冷たかった場所から、暖かい場所へ。陽だまりのような温かさが胸に溢れていく。
「助手に、してください」
*****
「うあああっ!!!!!」
眩しすぎる世界で、ノールズはただ、闇雲に腕を突き出した。叫んでいないとやってられないくらいに熱くて、苦しくて、死が目の前に迫る世界。
しかし、彼を動かす何かが、まだ死ぬべきじゃないと、此処で負けてはならない、と強く、強く彼の背を押している。
この中に、何処かに、ラシュレイの記憶に結びつくものがあるはずだ。
それを燃やさせるわけにはいかない。
彼が身に纏うバリアがバキバキと音を立ててヒビを作り始める音が聞こえてきた。焔は、記憶の処理を妨害しようとしてくる邪魔者のノールズを排除しようと、襲いかかってくる。

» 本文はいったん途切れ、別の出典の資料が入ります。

lemma lin_ext_smul_fun: "lin_ext (\<lambda>t. smul c (f t)) p = smul c (lin_ext f p)"
  by (simp add: lin_ext_def smul_sum mult.commute)

lemma lin_ext_zero_fun [simp]: "lin_ext (\<lambda>t. 0) p = 0"
  by (simp add: lin_ext_def)

lemma lin_ext_sum_fun: "lin_ext (\<lambda>t. \<Sum>i\<in>A. f i t) p = (\<Sum>i\<in>A. lin_ext (f i) p)"
  by (induction A rule: infinite_finite_induct) (simp_all add: lin_ext_add_fun)

lemma keys_lin_ext_subset:
  "Poly_Mapping.keys (lin_ext f p) \<subseteq> (\<Union>t\<in>Poly_Mapping.keys p. Poly_Mapping.keys (f t))"
  unfolding lin_ext_def using keys_sum keys_smul_subset by fastforce

lemma lin_ext_single_id: "lin_ext (\<lambda>t. Poly_Mapping.single t 1) p = p"
proof (rule poly_mapping_eqI)
  fix s
  have "finite I \<Longrightarrow> Poly_Mapping.lookup (\<Sum>t\<in>I. smul (Poly_Mapping.lookup p t) (Poly_Mapping.single t 1)) s
          = (if s \<in> I then Poly_Mapping.lookup p s else 0)" for I
    by (induction I rule: finite_induct) (auto simp: lookup_single lookup_add when_def)
  then show "Poly_Mapping.lookup (lin_ext (\<lambda>t. Poly_Mapping.single t 1) p) s = Poly_Mapping.lookup p s"
    by (simp add: lin_ext_def in_keys_iff)
qed

lemma lin_ext_lin_ext: "lin_ext F (lin_ext G p) = lin_ext (\<lambda>t. lin_ext F (G t)) p"
  by (simp only: lin_ext_def[of G p] lin_ext_sum lin_ext_smul) (simp only: lin_ext_def)

lemma lin_ext_commute:
  "lin_ext (\<lambda>u. lin_ext (\<lambda>w. K u w) Q) P = lin_ext (\<lambda>w. lin_ext (\<lambda>u. K u w) P) Q"
  by (simp add: lin_ext_def smul_sum sum.swap[of _ "Poly_Mapping.keys Q"] mult.commute)

lemma bilin_ext_eq_lin_ext: "bilin_ext f p r = lin_ext (\<lambda>t. lin_ext (\<lambda>s. f t s) r) p"
  by (simp add: bilin_ext_def lin_ext_def smul_sum)

lemma bilin_ext_add_left: "bilin_ext f (p + p') r = bilin_ext f p r + bilin_ext f p' r"
  by (simp add: bilin_ext_eq_lin_ext lin_ext_add)

lemma bilin_ext_add_right: "bilin_ext f p (r + r') = bilin_ext f p r + bilin_ext f p r'"
  by (simp add: bilin_ext_eq_lin_ext lin_ext_add lin_ext_add_fun)

lemma bilin_ext_smul_left: "bilin_ext f (smul c p) r = smul c (bilin_ext f p r)"
  by (simp add: bilin_ext_eq_lin_ext lin_ext_smul)

lemma bilin_ext_smul_right: "bilin_ext f p (smul c r) = smul c (bilin_ext f p r)"
  by (simp add: bilin_ext_eq_lin_ext lin_ext_smul lin_ext_smul_fun)

text \<open>Unlike graft, lin_map may change the type of the basis.\<close>
definition lin_map :: "('a \<Rightarrow> 'b) \<Rightarrow> ('a \<Rightarrow>\<^sub>0 'k::comm_ring_1) \<Rightarrow> ('b \<Rightarrow>\<^sub>0 'k)" where
  "lin_map g = lin_ext (\<lambda>t. Poly_Mapping.single (g t) 1)"

lemma graft_eq_lin_map [simp]: "graft = lin_map"
  by (intro ext) (simp add: graft_def lin_map_def)

lemma lin_ext_lin_map [simp]: "lin_ext F (lin_map g p) = lin_ext (\<lambda>u. F (g u)) p"
  by (simp add: lin_map_def lin_ext_lin_ext)

lemma lin_map_lin_ext: "lin_map g (lin_ext F p) = lin_ext (\<lambda>u. lin_map g (F u)) p"
  by (simp add: lin_map_def lin_ext_lin_ext)

lemma lin_map_lin_map [simp]: "lin_map h (lin_map g p) = lin_map (h \<circ> g) p"
  by (simp add: lin_map_def lin_ext_lin_ext)

lemma lin_map_add [simp]: "lin_map g (p + r) = lin_map g p + lin_map g r"
  by (simp add: lin_map_def lin_ext_add)

lemma lin_map_smul [simp]: "lin_map g (smul c p) = smul c (lin_map g p)"
  by (simp add: lin_map_def lin_ext_smul)

lemma lin_map_zero [simp]: "lin_map g 0 = 0"
  by (simp add: lin_map_def)

lemma lin_map_single [simp]: "lin_map g (Poly_Mapping.single t 1) = Poly_Mapping.single (g t) 1"
  by (simp add: lin_map_def)

lemma lin_map_commute:
  "lin_ext (\<lambda>u. lin_map (\<lambda>w. f u w) Q) P = lin_ext (\<lambda>w. lin_map (\<lambda>u. f u w) P) Q"
  unfolding lin_map_def by (rule lin_ext_commute)

lemma keys_lin_map_subset: "Poly_Mapping.keys (lin_map g p) \<subseteq> g ` Poly_Mapping.keys p"
  using keys_lin_ext_subset[of "\<lambda>t. Poly_Mapping.single (g t) 1" p] by (auto simp: lin_map_def)

subsection \<open>The q-tridendriform identities on trees\<close>

lemma star_Leaf_left [simp]: "star q Leaf v = Poly_Mapping.single v 1"
  by (cases v) auto

lemma star_Leaf_right [simp]: "star q u Leaf = Poly_Mapping.single u 1"
  by (cases u) auto

lemma prec_t_Node:
  "ts \<noteq> [] \<Longrightarrow> prec_t q (Node xs ts) v = graft (\<lambda>u. Node xs (butlast ts @ [u])) (star q (last ts) v)"
  by (cases v) auto

lemma succ_t_Node:
  "ss \<noteq> [] \<Longrightarrow> succ_t q u (Node ys ss) = graft (\<lambda>w. Node ys (w # tl ss)) (star q u (hd ss))"
  by (cases u) auto

definition star_t :: "'k::comm_ring_1 \<Rightarrow> 'y vtree \<Rightarrow> 'y vtree \<Rightarrow> ('y, 'k) lin" where
  "star_t q a b = prec_t q a b + succ_t q a b + smul q (bul_t q a b)"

だが、負けられない。大事な、かけがえのない助手の記憶だ。
ノールズは焔の中で叫んだ。
「返せっ!! ラシュレイの記憶、返せよっ!! 俺の、俺の大事な助手の記憶なんだぞ!! 絶対に......絶対に燃やさせねえからっ!!!!」
焔の奥の奥。縮れそうなくらいに彼が手を伸ばした時だった。
指先に、何かが触れた。
ノールズは反射的にそれを掴んだ。手のひらで揉みくちゃになろうと、とにかく離さない一心でそれを握った。
焔は遂に、今まで以上にノールズを殺そうと本気で襲ってきた。
バリアが剥がれてくる。
痛みと熱さで動きが鈍くなってきている体に鞭を打ち、彼は焔から飛び出した。
ガンッ!
吐き出されるように、突き飛ばされるように焔の外に転がった。床に体を打ち付け、一瞬だけ息が詰まる。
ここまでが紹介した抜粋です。